Answer:
2A) The centre is (-3,2) and the radius is 5.
Step-by-step explanation:
2A)
Okay so if you have the equation of a circle in standard from (ie it looks something like this: (x-h)² + (y-k)² = r² ), it's pretty easy to find the centre and radius because in this form, r is the radius and (h,k) is the centre of the circle.
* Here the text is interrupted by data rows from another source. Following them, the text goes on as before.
(* Let $u\in\mathbb{S}^{d-1}$, $\theta>0$, $0<\tilde c,\zeta<1$, and $b=\frac{\tilde c\zeta\theta}{\sqrt d}\le 1$. Let $w_t\in\mathbb{S}^{d-1}$ with $\theta_t:=\theta(w_t,u)\le\frac53\theta$, and let $(x_t,y_t)\in\mathbb{S}^{d-1}\times\{-1,+1\}$ be any labeled example with $w_t\cdot x_t\in[\frac b2,b]$ (e.g. drawn from $D$ conditioned on this event). Define $w_{t+1}=w_t-2\,\mathbb{1}\{y_t\,w_t\cdot x_t<0\}(w_t\cdot x_t)x_t$ and $\theta_{t+1}=\theta(w_{t+1},u)$. Then $|\cos\theta_{t+1}-\cos\theta_t|\le\frac{16\tilde c\zeta\theta^2}{3\sqrt d}$.
   Context: $\mathbb{S}^{d-1}$ is the unit sphere in $\mathbb{R}^d$; $\theta(v_1,v_2)=\arccos(v_1\cdot v_2)$ for unit vectors. (The update preserves unit norm.) *)

theory Defs
  imports "HOL-Analysis.Analysis"
begin

definition ang :: "'a::euclidean_space \<Rightarrow> 'a \<Rightarrow> real" where
  "ang v1 v2 = arccos (v1 \<bullet> v2)"

definition upd :: "'a::euclidean_space \<Rightarrow> 'a \<Rightarrow> real \<Rightarrow> 'a" where
  "upd w x y = w - (2 * (if y * (w \<bullet> x) < 0 then 1 else 0) * (w \<bullet> x)) *\<^sub>R x"

end

theory Submission
  imports Defs
begin

text \<open>The update either leaves \<open>w\<close> alone or reflects it in the hyperplane \<open>x\<^sup>\<perp>\<close>, so
  \<open>w\<^sub>t\<^sub>+\<^sub>1 = w\<^sub>t - k x\<^sub>t\<close> with \<open>0 \<le> k \<le> 2 (w\<^sub>t \<cdot> x\<^sub>t) \<le> 2b\<close> and \<open>\<bar>cos \<theta>\<^sub>t\<^sub>+\<^sub>1 - cos \<theta>\<^sub>t\<bar> = k \<bar>x\<^sub>t \<cdot> u\<bar>\<close>.
  Since the chord \<open>\<parallel>w\<^sub>t - u\<parallel>\<close> is at most the angle \<open>\<theta>\<^sub>t \<le> 5\<theta>/3\<close>, we get
  \<open>\<bar>x\<^sub>t \<cdot> u\<bar> \<le> \<bar>x\<^sub>t \<cdot> w\<^sub>t\<bar> + \<parallel>w\<^sub>t - u\<parallel> \<le> b + 5\<theta>/3 \<le> 8\<theta>/3\<close>, and the bound is \<open>2b \<cdot> 8\<theta>/3\<close>.\<close>

lemma one_minus_cos_le: "1 - cos (t::real) \<le> t\<^sup>2 / 2"
proof -
  have "1 - cos t = 2 * (sin (t/2))\<^sup>2"
    using cos_double_sin[of "t/2"] by simp
  moreover have "(sin (t/2))\<^sup>2 \<le> (t/2)\<^sup>2"
    by (metis abs_ge_zero abs_sin_x_le_abs_x power2_abs power_mono)
  ultimately show ?thesis by (simp add: power_divide)
qed

lemma abs_inner_unit_le_1:
  fixes v w :: "'a::euclidean_space"
  assumes "norm v = 1" "norm w = 1"
  shows "\<bar>v \<bullet> w\<bar> \<le> 1"
  using Cauchy_Schwarz_ineq2[of v w] assms by simp

lemma cos_ang_unit:
  fixes v w :: "'a::euclidean_space"
  assumes "norm v = 1" "norm w = 1"
  shows "cos (ang v w) = v \<bullet> w"
  using abs_inner_unit_le_1[OF assms] unfolding ang_def by simp

lemma norm_diff_le_ang:
  fixes v w :: "'a::euclidean_space"
  assumes "norm v = 1" "norm w = 1"
  shows "norm (v - w) \<le> ang v w"
proof (rule power2_le_imp_le)
  have "(norm (v - w))\<^sup>2 = v \<bullet> v - 2 * (v \<bullet> w) + w \<bullet> w"
    by (simp add: power2_norm_eq_inner inner_diff_left inner_diff_right inner_commute)
  also have "\<dots> = 2 - 2 * (v \<bullet> w)"
    using assms by (simp add: dot_square_norm)
  also have "\<dots> \<le> (ang v w)\<^sup>2"
    using one_minus_cos_le[of "ang v w"] cos_ang_unit[OF assms] by simp
  finally show "(norm (v - w))\<^sup>2 \<le> (ang v w)\<^sup>2" .
  show "0 \<le> ang v w"
    using abs_inner_unit_le_1[OF assms] unfolding ang_def by (simp add: arccos_lbound)
qed

lemma upd_eq_diff_scaleR:
  fixes w x :: "'a::euclidean_space"
  obtains k where "upd w x y = w - k *\<^sub>R x" "k * k = 2 * k * (w \<bullet> x)"
    "w \<bullet> x \<ge> 0 \<Longrightarrow> 0 \<le> k \<and> k \<le> 2 * (w \<bullet> x)"
proof -
  let ?k = "2 * (if y * (w \<bullet> x) < 0 then 1 else 0) * (w \<bullet> x)"
  have "upd w x y = w - ?k *\<^sub>R x" "?k * ?k = 2 * ?k * (w \<bullet> x)"
    "w \<bullet> x \<ge> 0 \<Longrightarrow> 0 \<le> ?k \<and> ?k \<le> 2 * (w \<bullet> x)"
    by (simp_all add: upd_def)
  then show thesis
    using that by blast
qed

lemma norm_upd:
  fixes w x :: "'a::euclidean_space"
  assumes "norm x = 1"
  shows "norm (upd w x y) = norm w"
proof -
  obtain k where k: "upd w x y = w - k *\<^sub>R x" "k * k = 2 * k * (w \<bullet> x)"
    using upd_eq_diff_scaleR by blast
  have "(w - k *\<^sub>R x) \<bullet> (w - k *\<^sub>R x) = w \<bullet> w - 2 * k * (w \<bullet> x) + k * k * (x \<bullet> x)"
    by (simp add: inner_diff_left inner_diff_right inner_commute algebra_simps)
  also have "\<dots> = w \<bullet> w"
    using assms k(2) by (simp add: dot_square_norm)
  finally show ?thesis
    using k(1) by (simp add: norm_eq_sqrt_inner)
qed

lemma abs_cos_ang_upd_diff:
  fixes u w x :: "'a::euclidean_space"
  assumes "norm u = 1" "norm w = 1" "norm x = 1" "0 \<le> w \<bullet> x"
  shows "\<bar>cos (ang (upd w x y) u) - cos (ang w u)\<bar> \<le> 2 * (w \<bullet> x) * \<bar>x \<bullet> u\<bar>"
proof -
  obtain k where k: "upd w x y = w - k *\<^sub>R x" "0 \<le> k" "k \<le> 2 * (w \<bullet> x)"
    using upd_eq_diff_scaleR assms(4) by metis
  have "norm (upd w x y) = 1"
    using norm_upd[OF assms(3)] assms(2) by simp
  then have "\<bar>cos (ang (upd w x y) u) - cos (ang w u)\<bar> = k * \<bar>x \<bullet> u\<bar>"
    using k(1,2) assms by (simp add: cos_ang_unit inner_diff_left abs_mult)
  also have "\<dots> \<le> 2 * (w \<bullet> x) * \<bar>x \<bullet> u\<bar>"
    using k(3) by (simp add: mult_right_mono)
  finally show ?thesis .
qed

lemma abs_inner_le_ang:
  fixes u w x :: "'a::euclidean_space"
  assumes "norm u = 1" "norm w = 1" "norm x = 1"
  shows "\<bar>x \<bullet> u\<bar> \<le> \<bar>w \<bullet> x\<bar> + ang w u"
proof -
  have "\<bar>x \<bullet> (w - u)\<bar> \<le> norm (w - u)"
    using Cauchy_Schwarz_ineq2[of x "w - u"] assms(3) by simp
  then show ?thesis
    using norm_diff_le_ang[OF assms(2,1)]
    by (simp add: inner_diff_right inner_commute)
qed

theorem lemma6:
  fixes u w x :: "'a::euclidean_space" and y \<theta> c \<zeta> b :: real
  assumes "norm u = 1"
    and "\<theta> > 0" and "0 < c" and "c < 1" and "0 < \<zeta>" and "\<zeta> < 1"
    and "b = c * \<zeta> * \<theta> / sqrt (real DIM('a))" and "b \<le> 1"
    and "norm w = 1" and "ang w u \<le> 5 / 3 * \<theta>"
    and "norm x = 1" and "y \<in> {-1, 1}"
    and "b / 2 \<le> w \<bullet> x" and "w \<bullet> x \<le> b"
  shows "\<bar>cos (ang (upd w x y) u) - cos (ang w u)\<bar>
           \<le> 16 * c * \<zeta> * \<theta>^2 / (3 * sqrt (real DIM('a)))"
proof -
  have sqrt_dim: "sqrt (real DIM('a)) \<ge> 1"
    using DIM_positive[where 'a='a] by simp
  have b_pos: "0 < b"
    using assms(2,3,5,7) sqrt_dim by simp
  have "b \<le> c * \<zeta> * \<theta> / 1"
    unfolding assms(7) using assms(2,3,5) sqrt_dim
    by (intro divide_left_mono) auto
  also have "\<dots> \<le> 1 * \<theta>"
    using assms(2-6) by (simp only: div_by_1, intro mult_right_mono mult_le_one) auto
  finally have b_le: "b \<le> \<theta>"
    by simp
  have x_u: "\<bar>x \<bullet> u\<bar> \<le> 8/3 * \<theta>"
    using abs_inner_le_ang[OF assms(1,9,11)] assms(10,13,14) b_pos b_le by simp
  have "\<bar>cos (ang (upd w x y) u) - cos (ang w u)\<bar> \<le> 2 * (w \<bullet> x) * \<bar>x \<bullet> u\<bar>"
    using abs_cos_ang_upd_diff[OF assms(1,9,11)] assms(13) b_pos by simp
  also have "\<dots> \<le> 2 * b * (8/3 * \<theta>)"
    using assms(13,14) b_pos x_u by (intro mult_mono) auto
  also have "\<dots> = 16 * c * \<zeta> * \<theta>^2 / (3 * sqrt (real DIM('a)))"
    using assms(7) by (simp add: power2_eq_square)
  finally show ?thesis .
qed

end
Note that (x-h)² + (y-k)² = x²+(-2h)x+h² + y²+(-2k)y+k²
In our case [x²+y²+6x-4y-12=0], we can see that -2h=6 (because 6 is the coefficient of x) and -2k=-4 (because -4 is the coefficient of y).
-2h=6, h=-3
-2k=-4, k=2
Let's sub these in:
x²+(-2h)x+h² + y²+(-2k)y+k² = r²
x²+6x+(-3)² + y²-4y+(2)² = r²
x²+6x+9 + y²-4y+4 = r²
x²+y²+6x-4y+(13-r²)=0
x²+y²+6x-4y+(13-r²)=x²+y²+6x-4y-12=0
13-r²=-12
r²=25
r=5
So our equation in standard form is (x+3)²+(y-2)²=25, which means the centre is (-3,2) and the radius is 5.